[Stored items]
lemma infinite_approx_points_0:
  assumes "1 \<le> n"
  shows "infinite (approx_points n \<xi> 0)"
proof -
  define F where "F q m = (if m \<le> n then round (real q * \<xi> ^ m) else 0)" for q :: nat and m
  have "F q 0 = int q" for q by (simp add: F_def)
  then have "inj_on F {1..}" by (metis inj_onI of_nat_eq_iff)
  moreover have "F q \<in> approx_points n \<xi> 0" if "q \<in> {1..}" for q
  proof -
    have nz: "F q \<noteq> (\<lambda>_. 0)" using that \<open>F q 0 = int q\<close> by (metis atLeast_iff not_one_le_zero of_nat_0_eq_iff)
    moreover have "\<bar>real_of_int (F q 0) * \<xi> ^ m - real_of_int (F q m)\<bar> \<le> 1" if "m \<in> {1..n}" for m
      using of_int_round_abs_le[of "real q * \<xi> ^ m"] that by (simp add: F_def abs_minus_commute)
    moreover have "1 \<le> pt_norm n (F q)" using nz by (intro pt_norm_ge_1) (auto simp: F_def)
    ultimately show ?thesis unfolding approx_points_def by (auto simp: F_def)
  qed
  ultimately show ?thesis
    by (metis (no_types, lifting) finite_imageD infinite_Ici finite_subset image_subsetI)
qed

lemma omega_exp_nonneg: "1 \<le> k \<Longrightarrow> 0 \<le> omega_exp k \<xi>"
  unfolding omega_exp_eq zero_ereal_def using infinite_approx_polys_0 by (intro Sup_upper) auto

lemma ereal_le_lambda_exp: "infinite (approx_points n \<xi> l) \<Longrightarrow> ereal l \<le> lambda_exp n \<xi>"
  unfolding lambda_exp_eq by (intro Sup_upper) auto

lemma lambda_exp_nonneg: "1 \<le> n \<Longrightarrow> 0 \<le> lambda_exp n \<xi>"
  using ereal_le_lambda_exp[OF infinite_approx_points_0] by (simp add: zero_ereal_def)

lemma infinite_approx_polys_if_less_omega_exp:
  assumes "ereal \<omega> < omega_exp k \<xi>"
  shows "infinite (approx_polys k \<xi> \<omega>)"
proof -
  obtain \<omega>' where "infinite (approx_polys k \<xi> \<omega>')" "\<omega> < \<omega>'"
    using assms unfolding omega_exp_eq less_Sup_iff by auto
  then show ?thesis using approx_polys_antimono[of \<omega> \<omega>' k \<xi>] finite_subset by (metis less_imp_le)
qed
lemma wadd_eqI:
  fixes f :: "'w::wellorder \<Rightarrow> 'w"
  assumes f: "strict_mono_on {..<b} f" "f ` {..<b} = {a..<c}" "a \<le> c"
  shows "wadd a b = c"
  unfolding wadd_def
proof (rule the_equality)
  show "a \<le> c \<and> (\<exists>f. strict_mono_on {..<b} f \<and> f ` {..<b} = {a..<c})" using f by blast
next
  fix c' assume "a \<le> c' \<and> (\<exists>g. strict_mono_on {..<b} g \<and> g ` {..<b} = {a..<c'})"
  then obtain g where g: "a \<le> c'" "strict_mono_on {..<b} g" "g ` {..<b} = {a..<c'}" by blast
  have "y < b \<longrightarrow> f y = g y" for y
  proof (induction y rule: less_induct)
    case (less y)
    show ?case
    proof
      assume y: "y < b"
      have "f y' = g y'" if "y' < y" for y'
        using less.IH[OF that] that y by auto
      then show "f y = g y"
        unfolding strict_mono_onto_Least[OF f(1,2) y] strict_mono_onto_Least[OF g(2,3) y] by simp
    qed
  qed
  then have "f ` {..<b} = g ` {..<b}" by (intro image_cong) auto
  then have eq: "{a..<c} = {a..<c'}" using f(2) g(3) by simp
  then have "c \<notin> {a..<c'}" and "c' \<notin> {a..<c}" by auto
  then show "c' = c" using f(3) g(1) by auto
qed

lemma wadd_strict_mono_onto:
  fixes f :: "'w::wellorder \<Rightarrow> 'w"
  assumes "strict_mono f" "range f = {a..}"
  shows "wadd a d = f d"
proof (rule wadd_eqI)
  show "strict_mono_on {..<d} f" using assms(1) by (simp add: strict_mono_on_def strict_monoD)
  show "a \<le> f d" using assms(2) by auto
  show "f ` {..<d} = {a..<f d}"
  proof (intro equalityI subsetI)
    fix x assume "x \<in> f ` {..<d}"
    then show "x \<in> {a..<f d}" using assms by (auto simp: strict_mono_less)
  next
    fix x assume x: "x \<in> {a..<f d}"
    then obtain y where "x = f y" using assms(2) by (metis atLeastLessThan_iff atLeast_iff rangeE)
    then show "x \<in> f ` {..<d}" using x assms(1) by (auto simp: strict_mono_less)
  qed
qed

definition w_omega :: "'w::wellorder" where
  "w_omega = (LEAST y. wlimit y)"

lemma wsucc_below_w_omega:
  assumes "(x::'w::wellorder) < w_omega" "x \<noteq> w0"
  shows "\<exists>y. x = wsucc y"
proof -
  have "\<not> wlimit x" using not_less_Least[of x wlimit] assms(1) unfolding w_omega_def by simp
  then show ?thesis using assms(2) unfolding wlimit_def by simp
qed

context omega1
begin

lemma wadd_w1_right: "wadd c w1 = wsucc (c::'w)"
proof (rule wadd_eqI[where f = "\<lambda>_. c"])
  have w1: "{..<w1} = {w0::'w}" unfolding w1_def by (auto simp: less_wsucc_iff intro: antisym)
  show "strict_mono_on {..<(w1::'w)} (\<lambda>_. c)" unfolding w1 by (simp add: strict_mono_on_def)
  show "(\<lambda>_. c) ` {..<(w1::'w)} = {c..<wsucc c}"
    unfolding w1 by (auto simp: less_wsucc_iff intro: antisym)
  show "c \<le> wsucc c" using less_wsucc by (rule less_imp_le)
qed

lemma wlimit_w_omega: "wlimit (w_omega::'w)"
proof -
  have "strict_mono (\<lambda>n. (wsucc ^^ n) (w0::'w))"
    unfolding strict_mono_Suc_iff by (simp add: less_wsucc)
  then have "wlimit (wsup (range (\<lambda>n. (wsucc ^^ n) (w0::'w))))" by (rule wlimit_wsup)
  then show ?thesis unfolding w_omega_def by (rule LeastI)
qed

lemma w0_less_w_omega: "w0 < (w_omega::'w)"
  using wlimit_w_omega w0_le[of w_omega] unfolding wlimit_def by (metis le_neq_trans)

lemma wadd_w1_left: "wadd w1 d = (if d < w_omega then wsucc d else (d::'w))"
proof -
  define g :: "'w \<Rightarrow> 'w" where "g y = (if y < w_omega then wsucc y else y)" for y
  have below: "wsucc y < w_omega" if "y < w_omega" for y :: 'w
    using wlimit_wsucc_less[OF wlimit_w_omega that] .
  have "strict_mono g"
  proof (rule strict_monoI)
    fix y y' :: 'w assume "y < y'"
    then show "g y < g y'"
      unfolding g_def using below wsucc_less_wsucc_iff by (auto simp: not_less intro: less_le_trans)
  qed
  moreover have "range g = {w1..}"
  proof (intro equalityI subsetI)
    fix x :: 'w assume "x \<in> range g"
    then show "x \<in> {w1..}"
      unfolding g_def using w1_le_iff wsucc_neq_w0 wsucc_neq_w0[THEN not_sym] w0_less_w_omega
      by (auto simp: not_less)
  next
    fix x :: 'w assume "x \<in> {w1..}"
    then have "x \<noteq> w0" by (simp add: w1_le_iff)
    show "x \<in> range g"
    proof (cases "x < w_omega")
      case True
      then obtain y where y: "x = wsucc y" using wsucc_below_w_omega \<open>x \<noteq> w0\<close> by blast
      have "y < w_omega" using less_wsucc[of y] True unfolding y by (rule less_trans)
      then have "x = g y" unfolding g_def y by simp
      then show ?thesis by (rule range_eqI)
    next
      case False
      then have "x = g x" unfolding g_def by simp
      then show ?thesis by (rule range_eqI)
    qed
  qed
  ultimately have "wadd w1 d = g d" by (rule wadd_strict_mono_onto)
  then show ?thesis by (simp add: g_def)
qed
lemma coefficient_reducible_paw_component:
  assumes "graph n E" "distinct [u, v, a, y]"
    and "inc_edges E u = {{u, a}, {u, v}}" "inc_edges E v = {{u, v}, {v, a}}"
    and "inc_edges E a = {{u, a}, {v, a}, {a, y}}" "inc_edges E y = {{a, y}}"
  shows "coefficient_reducible E {{u, a}, {u, v}, {v, a}, {a, y}} 3"
proof -
  define e0 e1 e2 e3 where "e0 = {u, a}" and "e1 = {u, v}" and "e2 = {v, a}" and "e3 = {a, y}"
  define F where "F = E - {e2, e3}"
  have ne: "e0 \<noteq> e1" "e0 \<noteq> e2" "e0 \<noteq> e3" "e1 \<noteq> e2" "e1 \<noteq> e3" "e2 \<noteq> e3"
    using assms(2) by (auto simp: e0_def e1_def e2_def e3_def doubleton_eq_iff)
  have D: "{e0, e1, e2, e3} \<subseteq> E" using assms(3,5) by (auto simp: inc_edges_def e0_def e1_def e2_def e3_def)
  have "inc_edges F u = {e0, e1}" "inc_edges F v = {e1}" "inc_edges F a = {e0}" "inc_edges F y = {}"
    using ne unfolding F_def inc_edges_Diff assms(3-6)[folded e0_def e1_def e2_def e3_def] by auto
  then have "equal_up_to_sign (edge_factor F e0) (var e1)" "equal_up_to_sign (edge_factor F e1) (var e0)"
    "equal_up_to_sign (edge_factor F e2) (var e1 - var e0)" "equal_up_to_sign (edge_factor F e3) (var e0)"
    using edge_factor_doubleton[of u a F, folded e0_def] edge_factor_doubleton[of u v F, folded e1_def]
      edge_factor_doubleton[of v a F, folded e2_def] edge_factor_doubleton[of a y F, folded e3_def]
      assms(2) ne by (simp_all add: incidence_sum_def)
  then have "equal_up_to_sign (\<Prod>e\<in>{e0, e1, e2, e3}. edge_factor F e)
      (var e1 * (var e0 * ((var e1 - var e0) * var e0)))"
    using ne by (simp add: equal_up_to_sign_mult)
  moreover have "frag_of (monom_var e0 + monom_var e0 + monom_var e1) = var e0 * var e0 * var e1"
    by (simp add: var_def mult_single)
  ultimately have "equal_up_to_sign (\<Prod>e\<in>{e0, e1, e2, e3}. edge_factor (E - {e2, e3}) e)
      (frag_of (monom_var e0 + monom_var e0 + monom_var e1) * (var e1 - var e0))"
    unfolding F_def by (simp add: ac_simps)
  note prod = this
  have "coefficient_reducible E {e0, e1, e2, e3} 3"
  proof (rule coefficient_reducible_intro[OF assms(1) D _ _ prod, where S = "{e0}" and m = "monom_var e1"])
    have "{e0, e1, e2, e3} - ({e2, e3} \<union> {e0}) = {e1}" using ne by auto
    then have "\<Union>({e0, e1, e2, e3} - ({e2, e3} \<union> {e0})) = {u, v}" by (auto simp: e1_def)
    moreover have "\<forall>t\<in>{u, v}. inc_edges E t \<subseteq> {e0, e1, e2, e3}"
      using assms(3,4)[folded e0_def e1_def e2_def e3_def] by auto
    ultimately show "\<forall>t\<in>\<Union>({e0, e1, e2, e3} - ({e2, e3} \<union> {e0})). inc_edges E t \<subseteq> {e0, e1, e2, e3}" by simp
    have "subst_zero {e0} (var e1 - var e0) = var e1" using ne by (simp add: subst_zero_diff subst_zero_var)
    then show "lookup (subst_zero {e0} (var e1 - var e0) * P_graph (E - {e0, e1, e2, e3})) (monom_var e1 + m') =
        lookup (P_graph (E - {e0, e1, e2, e3})) m'" for m'
      by (simp only: lookup_var_mult)
  qed (use ne in \<open>simp_all add: lookup_add lookup_single when_def keys_add_nat\<close>)
  then show ?thesis by (simp add: e0_def e1_def e2_def e3_def)
qed
lemma Mprime_eq_Int_if_card_supersets_2:
  assumes "finite T" and "v \<in> Mprime T" and "card (supersets T v) = 2"
    and "u \<in> T" "u' \<in> T" "u \<noteq> u'" "v \<subseteq> u" "v \<subseteq> u'"
  shows "v = u \<inter> u'"
proof -
  have "{u, u'} \<subseteq> supersets T v" using assms(4-) unfolding supersets_def by auto
  moreover have "finite (supersets T v)" using assms(1) unfolding supersets_def by simp
  ultimately have "supersets T v = {u, u'}"
    using assms(3,6) by (metis card_2_iff card_subset_eq)
  then show ?thesis using Mprime_eq_Inter_supersets(1)[OF assms(2)] by simp
qed

locale Gstar_periodic_cycle =
  fixes n :: nat and T :: "nat set set" and k :: nat and e :: "nat \<Rightarrow> nat set"
  assumes length_ge_3: "k \<ge> 3"
    and adjacent: "Gstar_adj n T (e i) (e (Suc i))"
    and eq_iff_mod: "e i = e j \<longleftrightarrow> i mod k = j mod k"

lemma Gstar_has_cycle_periodic:
  assumes "Gstar_has_cycle n T"
  shows "\<exists>k e. Gstar_periodic_cycle n T k e"
proof -
  obtain k :: nat and c where "k \<ge> 3" and inj: "inj_on c {0..<k}"
    and adj: "\<forall>i<k. Gstar_adj n T (c i) (c ((i + 1) mod k))"
    using assms unfolding Gstar_has_cycle_def by blast
  have "Gstar_periodic_cycle n T k (\<lambda>i. c (i mod k))"
  proof
    show "k \<ge> 3" by fact
    show "Gstar_adj n T (c (i mod k)) (c (Suc i mod k))" for i
      using adj[rule_format, of "i mod k"] \<open>k \<ge> 3\<close> by (simp add: mod_Suc_eq)
    show "c (i mod k) = c (j mod k) \<longleftrightarrow> i mod k = j mod k" for i j
      using inj \<open>k \<ge> 3\<close> unfolding inj_on_def by auto
  qed
  then show ?thesis by blast
qed

context Gstar_periodic_cycle
begin

lemma shift: "Gstar_periodic_cycle n T k (\<lambda>i. e (i + p))"
proof
  show "k \<ge> 3" by (fact length_ge_3)
  show "Gstar_adj n T (e (i + p)) (e (Suc i + p))" for i
    using adjacent[of "i + p"] by simp
  show "e (i + p) = e (j + p) \<longleftrightarrow> i mod k = j mod k" for i j
    unfolding eq_iff_mod using nat_mod_eq_iff by auto
qed

lemma neq_Suc_Suc: "e i \<noteq> e (Suc (Suc i))"
proof
  assume "e i = e (Suc (Suc i))"
  then have "k dvd 2" using eq_iff_mod mod_eq_dvd_iff_nat[of i "Suc (Suc i)" k] by simp
  then show False using length_ge_3 by (auto dest: dvd_imp_le)
qed

lemma in_Mprime: "e i \<in> Mprime T"
proof -
  have "e (Suc i) \<in> Mprime T" for i
  proof (rule ccontr)
    assume not_Mprime: "e (Suc i) \<notin> Mprime T"
    moreover have "e (Suc i) \<in> Mstar n T"
      using adjacent[of i] unfolding Gstar_adj_def hasse_arc_def by blast
    ultimately obtain x where x: "e (Suc i) = {x}"
      unfolding Mstar_def singletons_def by blast
    then have "e i = e (Suc (Suc i))"
      using Gstar_adj_singleton_unique not_Mprime adjacent[of i] adjacent[of "Suc i"] by metis
    then show False using neq_Suc_Suc by blast
  qed
  moreover have "e i = e (Suc (i + k - 1))"
    using eq_iff_mod length_ge_3 by simp
  ultimately show ?thesis by simp
qed

lemma descends_or_ascends: "hasse_arc n T (e i) (e (Suc i)) \<or> hasse_arc n T (e (Suc i)) (e i)"
  using adjacent unfolding Gstar_adj_def .

lemma ascends_if_not_descends: "\<not> e (Suc i) \<subset> e i \<Longrightarrow> e i \<subset> e (Suc i)"
  using descends_or_ascends[of i] hasse_arc_psubset by blast

lemma descends_iff_hasse_arc: "e (Suc i) \<subset> e i \<longleftrightarrow> hasse_arc n T (e i) (e (Suc i))"
  using descends_or_ascends[of i] by (auto dest: hasse_arc_psubset)

end

locale Gstar_cycle_triangle_free = Gstar_periodic_cycle +
  assumes finite: "finite T" and triangle_free: "triangle_free T"
begin

lemma card_supersets_descends:
  assumes "e (Suc i) \<subset> e i"
  shows "card (supersets T (e i)) = 1" and "card (supersets T (e (Suc i))) = 2"
  using hasse_arc_card_supersets[OF finite triangle_free _ in_Mprime in_Mprime]
    assms[unfolded descends_iff_hasse_arc] by blast+

lemma card_supersets_ascends:
  assumes "\<not> e (Suc i) \<subset> e i"
  shows "card (supersets T (e (Suc i))) = 1" and "card (supersets T (e i)) = 2"
proof -
  have "hasse_arc n T (e (Suc i)) (e i)"
    using descends_or_ascends[of i] assms descends_iff_hasse_arc by blast
  then show "card (supersets T (e (Suc i))) = 1" and "card (supersets T (e i)) = 2"
    using hasse_arc_card_supersets[OF finite triangle_free _ in_Mprime in_Mprime] by blast+
qed

text \<open>Along the cycle, members of \<open>T\<close> (one superset) and pairwise intersections (two supersets)
  alternate, so the walk alternately descends and ascends.\<close>

lemma descends_Suc_iff: "e (Suc (Suc i)) \<subset> e (Suc i) \<longleftrightarrow> \<not> e (Suc i) \<subset> e i"
proof
  assume "e (Suc (Suc i)) \<subset> e (Suc i)"
  then have "card (supersets T (e (Suc i))) = 1" by (rule card_supersets_descends(1))
  then show "\<not> e (Suc i) \<subset> e i" using card_supersets_descends(2)[of i] by auto
next
  assume "\<not> e (Suc i) \<subset> e i"
  then have "card (supersets T (e (Suc i))) = 1" by (rule card_supersets_ascends(1))
  then show "e (Suc (Suc i)) \<subset> e (Suc i)" using card_supersets_ascends(2)[of "Suc i"] by auto
qed

lemma descends_iff_even: "e (Suc i) \<subset> e i \<longleftrightarrow> (even i \<longleftrightarrow> e 1 \<subset> e 0)"
proof (induction i)
  case (Suc i)
  then show ?case using descends_Suc_iff[of i] by (cases "even i") simp_all
qed simp

lemma even_length: "even k"
proof -
  have "e k = e 0" and "e (Suc k) = e 1"
    unfolding eq_iff_mod by (simp_all add: mod_Suc_eq[of k k, symmetric])
  then have "e 1 \<subset> e 0 \<longleftrightarrow> (even k \<longleftrightarrow> e 1 \<subset> e 0)"
    using descends_iff_even[of k] by metis
  then show ?thesis by blast
qed

end

locale Gstar_cycle_descending = Gstar_cycle_triangle_free +
  assumes starts_descending: "e 1 \<subset> e 0"
begin

lemma descends_iff: "e (Suc i) \<subset> e i \<longleftrightarrow> even i"
  using descends_iff_even[of i] starts_descending by simp

lemma even_vertex_in_T: "e (2 * j) \<in> T"
  using card_supersets_descends(1) descends_iff in_Mprime Mprime_in_T_if_card_supersets_1
  by simp

lemma odd_vertex_eq_Int: "e (2 * j + 1) = e (2 * j) \<inter> e (2 * (j + 1))"
proof (rule Mprime_eq_Int_if_card_supersets_2[OF finite in_Mprime])
  show "card (supersets T (e (2 * j + 1))) = 2"
    using card_supersets_descends(2)[of "2 * j"] descends_iff by simp
  show "e (2 * j) \<in> T" and "e (2 * (j + 1)) \<in> T" by (rule even_vertex_in_T)+
  show "e (2 * j) \<noteq> e (2 * (j + 1))" using neq_Suc_Suc by simp
  show "e (2 * j + 1) \<subseteq> e (2 * j)" using descends_iff[of "2 * j"] by simp
  show "e (2 * j + 1) \<subseteq> e (2 * (j + 1))"
    using ascends_if_not_descends[of "2 * j + 1"] descends_iff[of "2 * j + 1"] by simp
qed

lemma intersection_cycle_even_vertices: "intersection_cycle T (k div 2) (\<lambda>j. e (2 * j))"
proof -
  define h where "h = k div 2"
  have k: "k = 2 * h" using even_length unfolding h_def by simp
  have e_even_mod: "e (2 * (j mod h)) = e (2 * j)" for j
    unfolding eq_iff_mod k by (simp flip: mult_mod_right)
  have "h \<noteq> 2"
  proof
    assume "h = 2"
    then have "e 1 = e 3"
      using odd_vertex_eq_Int[of 0] odd_vertex_eq_Int[of 1] e_even_mod[of 2] by (simp add: Int_commute)
    then show False using eq_iff_mod k \<open>h = 2\<close> by simp
  qed
  then have "h \<ge> 3" using length_ge_3 k by simp
  moreover have "inj_on (\<lambda>j. e (2 * j)) {0..<h}"
    by (rule inj_onI) (simp add: eq_iff_mod k flip: mult_mod_right)
  moreover have "e (2 * j) \<inter> e (2 * ((j + 1) mod h)) \<noteq> {}" for j
    using odd_vertex_eq_Int[of j] e_even_mod[of "j + 1"] Mprime_nonempty[OF in_Mprime] by metis
  ultimately show ?thesis
    using even_vertex_in_T unfolding intersection_cycle_def h_def by blast
qed

end

lemma (in Gstar_cycle_triangle_free) intersection_cycle_exists: "\<exists>h d. intersection_cycle T h d"
proof -
  obtain p where "e (Suc p) \<subset> e p"
    using descends_Suc_iff[of 0] by blast
  interpret shifted: Gstar_cycle_descending n T k "\<lambda>i. e (i + p)"
    by (intro Gstar_cycle_descending.intro Gstar_cycle_triangle_free.intro shift
        Gstar_cycle_triangle_free_axioms.intro Gstar_cycle_descending_axioms.intro finite triangle_free)
      (simp add: \<open>e (Suc p) \<subset> e p\<close>)
  show ?thesis using shifted.intersection_cycle_even_vertices by blast
qed

lemma Gstar_cycle_imp_intersection_cycle:
  assumes "finite T" and "Gstar_has_cycle n T"
  shows "\<exists>k c. intersection_cycle T k c"
proof (cases "triangle_free T")
  case True
  obtain k e where "Gstar_periodic_cycle n T k e"
    using Gstar_has_cycle_periodic[OF assms(2)] by blast
  then interpret Gstar_cycle_triangle_free n T k e
    by (intro Gstar_cycle_triangle_free.intro Gstar_cycle_triangle_free_axioms.intro assms(1) True)
  show ?thesis by (rule intersection_cycle_exists)
next
  case False
  then show ?thesis using intersection_cycle_of_triangle by blast
qed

**Required work**
Your task is to retype the entries verbatim, starting with the line that holds "Gstar_cycle_descending_axioms.intro finite triangle_free)" and stopping after the line that holds "using Gstar_has_cycle_periodic[OF assms(2)]".

**Task response**
        Gstar_cycle_triangle_free_axioms.intro Gstar_cycle_descending_axioms.intro finite triangle_free)
      (simp add: \<open>e (Suc p) \<subset> e p\<close>)
  show ?thesis using shifted.intersection_cycle_even_vertices by blast
qed

lemma Gstar_cycle_imp_intersection_cycle:
  assumes "finite T" and "Gstar_has_cycle n T"
  shows "\<exists>k c. intersection_cycle T k c"
proof (cases "triangle_free T")
  case True
  obtain k e where "Gstar_periodic_cycle n T k e"
    using Gstar_has_cycle_periodic[OF assms(2)] by blast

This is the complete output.